(* Let $E_5=(0,I_5,M_5,N_5)$ be an equilibrium of system (S) with $B=0$, $I_5>0$, $M_5\ge 0$, $N_5\ge 0$ (so that necessarily $I_5=b/(m+\mu)$). Then $E_5$ is locally asymptotically stable provided the following three conditions hold: $$\frac{b}{I_5}<\gamma I_5+m+\lambda N_5,$$ $$2n+\frac{3p(M_5+N_5)}{hI_5}+\beta I_5+\delta N_5>r+\delta M_5,$$ $$\Big(r-n-\frac{p(2M_5+N_5)}{hI_5}-\beta I_5-\delta N_5\Big)\Big(\delta M_5-n-\frac{p(M_5+2N_5)}{hI_5}\Big)+\Big(\beta I_5-\frac{pN_5}{hI_5}+\delta N_5\Big)\Big(\frac{pM_5}{hI_5}+\delta M_5-r\Big)>0.$$
   Context: All parameters $b,\lambda,\gamma,m,\mu,r,n,p,h,\beta,\delta,e$ are positive constants. Here $B,I$ denote healthy and infected bees and $M,N$ healthy and infected mites. The model (S) is $$B'=\frac{bB}{B+I}-\lambda BN-\gamma BI-mB,\qquad I'=\frac{bI}{B+I}+\lambda BN+\gamma BI-(m+\mu)I,$$ $$M'=r(M+N)-nM-\frac{p}{h(B+I)}M(M+N)-M(\beta I+\delta N+eB),$$ $$N'=-nN-\frac{p}{h(B+I)}N(M+N)+\beta MI+\delta MN-eNB,$$ considered on the domain $\mathcal{D}^0=\{(B,I,M,N)\in\mathbb{R}^4_+ : B+I\neq 0\}$, where $\mathbb{R}_+=[0,\infty)$. *)

theory Defs
  imports "HOL-Analysis.Analysis"
begin

type_synonym state = "real \<times> real \<times> real \<times> real"

text \<open>Right-hand side of system (S); state (B, I, M, N).
  Parameters: b, lam (lambda), gam (gamma), m, mu, r, n, p, h, bet (beta), del (delta), e.\<close>
definition bee_rhs ::
  "real \<Rightarrow> real \<Rightarrow> real \<Rightarrow> real \<Rightarrow> real \<Rightarrow> real \<Rightarrow> real \<Rightarrow> real \<Rightarrow> real \<Rightarrow> real \<Rightarrow> real \<Rightarrow> real
   \<Rightarrow> state \<Rightarrow> state" where
  "bee_rhs b lam gam m mu r n p h bet del e = (\<lambda>(B, I, M, N).
     ( b * B / (B + I) - lam * B * N - gam * B * I - m * B,
       b * I / (B + I) + lam * B * N + gam * B * I - (m + mu) * I,
       r * (M + N) - n * M - p / (h * (B + I)) * M * (M + N) - M * (bet * I + del * N + e * B),
       - n * N - p / (h * (B + I)) * N * (M + N) + bet * M * I + del * M * N - e * N * B))"

definition D0 :: "state set" where
  "D0 = {(B, I, M, N). B \<ge> 0 \<and> I \<ge> 0 \<and> M \<ge> 0 \<and> N \<ge> 0 \<and> B + I \<noteq> 0}"

definition is_solution :: "(state \<Rightarrow> state) \<Rightarrow> state set \<Rightarrow> (real \<Rightarrow> state) \<Rightarrow> bool" where
  "is_solution F D x \<longleftrightarrow>
     (\<forall>t\<ge>0. x t \<in> D \<and> (x has_vector_derivative F (x t)) (at t within {0..}))"

definition locally_asymptotically_stable :: "(state \<Rightarrow> state) \<Rightarrow> state set \<Rightarrow> state \<Rightarrow> bool" where
  "locally_asymptotically_stable F D E \<longleftrightarrow>
     (\<forall>\<epsilon>>0. \<exists>\<delta>>0. \<forall>x. is_solution F D x \<and> dist (x 0) E < \<delta> \<longrightarrow> (\<forall>t\<ge>0. dist (x t) E < \<epsilon>)) \<and>
     (\<exists>\<eta>>0. \<forall>x. is_solution F D x \<and> dist (x 0) E < \<eta> \<longrightarrow> (x \<longlongrightarrow> E) at_top)"

end

theory Submission
  imports Defs "HOL-Real_Asymp.Real_Asymp"
begin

*****

**TASK DETAILS**
Your task is to quote the lines above, beginning with the first and ending with the one that holds "real \<times> real \<times>".

**EXERCISE ANSWER**
(* Let $E_5=(0,I_5,M_5,N_5)$ be an equilibrium of system (S) with $B=0$, $I_5>0$, $M_5\ge 0$, $N_5\ge 0$ (so that necessarily $I_5=b/(m+\mu)$). Then $E_5$ is locally asymptotically stable provided the following three conditions hold: $$\frac{b}{I_5}<\gamma I_5+m+\lambda N_5,$$ $$2n+\frac{3p(M_5+N_5)}{hI_5}+\beta I_5+\delta N_5>r+\delta M_5,$$ $$\Big(r-n-\frac{p(2M_5+N_5)}{hI_5}-\beta I_5-\delta N_5\Big)\Big(\delta M_5-n-\frac{p(M_5+2N_5)}{hI_5}\Big)+\Big(\beta I_5-\frac{pN_5}{hI_5}+\delta N_5\Big)\Big(\frac{pM_5}{hI_5}+\delta M_5-r\Big)>0.$$
   Context: All parameters $b,\lambda,\gamma,m,\mu,r,n,p,h,\beta,\delta,e$ are positive constants. Here $B,I$ denote healthy and infected bees and $M,N$ healthy and infected mites. The model (S) is $$B'=\frac{bB}{B+I}-\lambda BN-\gamma BI-mB,\qquad I'=\frac{bI}{B+I}+\lambda BN+\gamma BI-(m+\mu)I,$$ $$M'=r(M+N)-nM-\frac{p}{h(B+I)}M(M+N)-M(\beta I+\delta N+eB),$$ $$N'=-nN-\frac{p}{h(B+I)}N(M+N)+\beta MI+\delta MN-eNB,$$ considered on the domain $\mathcal{D}^0=\{(B,I,M,N)\in\mathbb{R}^4_+ : B+I\neq 0\}$, where $\mathbb{R}_+=[0,\infty)$. *)

theory Defs
  imports "HOL-Analysis.Analysis"
begin

type_synonym state = "real \<times> real \<times> real \<times> real"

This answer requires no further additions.